What you will do: Transcribe the stretch of entries below from the line with "proof (rule factor_through_of_cols_in_image[OF C" through the line with "cols_nth nth_mem carrier_matD(2))", exactly and with both ends included; leave out all other lines.

Stored data entries

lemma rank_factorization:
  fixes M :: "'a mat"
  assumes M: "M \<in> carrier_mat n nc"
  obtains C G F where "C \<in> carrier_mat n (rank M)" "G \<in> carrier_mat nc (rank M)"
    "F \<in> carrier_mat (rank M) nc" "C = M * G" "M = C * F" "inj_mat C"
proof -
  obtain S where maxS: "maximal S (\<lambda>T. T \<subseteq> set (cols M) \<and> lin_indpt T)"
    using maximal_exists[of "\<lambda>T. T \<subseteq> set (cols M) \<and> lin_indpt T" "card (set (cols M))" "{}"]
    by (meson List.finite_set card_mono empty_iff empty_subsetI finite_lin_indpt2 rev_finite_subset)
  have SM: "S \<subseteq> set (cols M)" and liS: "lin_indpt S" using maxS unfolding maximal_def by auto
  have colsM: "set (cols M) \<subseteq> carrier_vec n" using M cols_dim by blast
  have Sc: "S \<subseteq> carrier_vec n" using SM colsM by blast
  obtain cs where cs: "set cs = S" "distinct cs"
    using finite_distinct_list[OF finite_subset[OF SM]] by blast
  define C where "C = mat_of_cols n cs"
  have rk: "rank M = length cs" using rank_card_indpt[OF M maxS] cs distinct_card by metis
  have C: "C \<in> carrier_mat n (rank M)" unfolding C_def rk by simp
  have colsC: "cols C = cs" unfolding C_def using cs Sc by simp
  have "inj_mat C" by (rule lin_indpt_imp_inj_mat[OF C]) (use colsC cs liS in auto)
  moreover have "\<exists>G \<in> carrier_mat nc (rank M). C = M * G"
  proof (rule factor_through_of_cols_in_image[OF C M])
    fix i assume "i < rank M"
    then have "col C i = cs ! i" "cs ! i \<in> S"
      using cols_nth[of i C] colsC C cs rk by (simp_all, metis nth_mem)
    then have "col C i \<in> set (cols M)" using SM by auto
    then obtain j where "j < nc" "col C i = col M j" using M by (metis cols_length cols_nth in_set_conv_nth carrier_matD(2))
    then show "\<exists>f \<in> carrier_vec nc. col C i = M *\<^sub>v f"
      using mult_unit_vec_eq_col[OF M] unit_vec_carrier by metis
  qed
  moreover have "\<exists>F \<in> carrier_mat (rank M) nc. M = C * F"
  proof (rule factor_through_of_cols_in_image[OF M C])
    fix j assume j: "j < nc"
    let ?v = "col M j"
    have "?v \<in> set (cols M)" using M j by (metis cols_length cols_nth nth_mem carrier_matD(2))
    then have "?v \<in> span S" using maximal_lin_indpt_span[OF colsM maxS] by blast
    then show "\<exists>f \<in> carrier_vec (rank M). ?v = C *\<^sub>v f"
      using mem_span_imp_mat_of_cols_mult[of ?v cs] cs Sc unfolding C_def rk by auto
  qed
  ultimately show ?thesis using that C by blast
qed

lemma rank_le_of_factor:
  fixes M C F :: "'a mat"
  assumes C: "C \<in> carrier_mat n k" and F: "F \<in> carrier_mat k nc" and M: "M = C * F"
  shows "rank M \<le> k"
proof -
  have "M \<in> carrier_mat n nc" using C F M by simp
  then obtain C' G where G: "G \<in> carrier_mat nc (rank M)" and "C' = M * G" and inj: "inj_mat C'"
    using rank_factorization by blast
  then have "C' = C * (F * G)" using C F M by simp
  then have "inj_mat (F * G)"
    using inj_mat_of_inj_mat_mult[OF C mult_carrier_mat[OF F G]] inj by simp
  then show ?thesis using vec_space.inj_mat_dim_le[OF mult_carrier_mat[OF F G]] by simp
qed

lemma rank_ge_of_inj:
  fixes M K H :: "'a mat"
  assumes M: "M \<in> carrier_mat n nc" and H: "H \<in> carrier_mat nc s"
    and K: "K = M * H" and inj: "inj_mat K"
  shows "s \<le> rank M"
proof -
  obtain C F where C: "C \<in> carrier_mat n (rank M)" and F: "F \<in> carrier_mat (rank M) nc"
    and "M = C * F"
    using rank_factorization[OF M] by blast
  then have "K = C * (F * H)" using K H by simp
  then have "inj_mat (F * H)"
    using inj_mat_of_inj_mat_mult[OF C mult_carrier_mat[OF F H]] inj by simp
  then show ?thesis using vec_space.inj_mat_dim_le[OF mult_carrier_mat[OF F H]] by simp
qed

Exercise solution:
  proof (rule factor_through_of_cols_in_image[OF C M])
    fix i assume "i < rank M"
    then have "col C i = cs ! i" "cs ! i \<in> S"
      using cols_nth[of i C] colsC C cs rk by (simp_all, metis nth_mem)
    then have "col C i \<in> set (cols M)" using SM by auto
    then obtain j where "j < nc" "col C i = col M j" using M by (metis cols_length cols_nth in_set_conv_nth carrier_matD(2))
    then show "\<exists>f \<in> carrier_vec nc. col C i = M *\<^sub>v f"
      using mult_unit_vec_eq_col[OF M] unit_vec_carrier by metis
  qed
  moreover have "\<exists>F \<in> carrier_mat (rank M) nc. M = C * F"
  proof (rule factor_through_of_cols_in_image[OF M C])
    fix j assume j: "j < nc"
    let ?v = "col M j"
    have "?v \<in> set (cols M)" using M j by (metis cols_length cols_nth nth_mem carrier_matD(2))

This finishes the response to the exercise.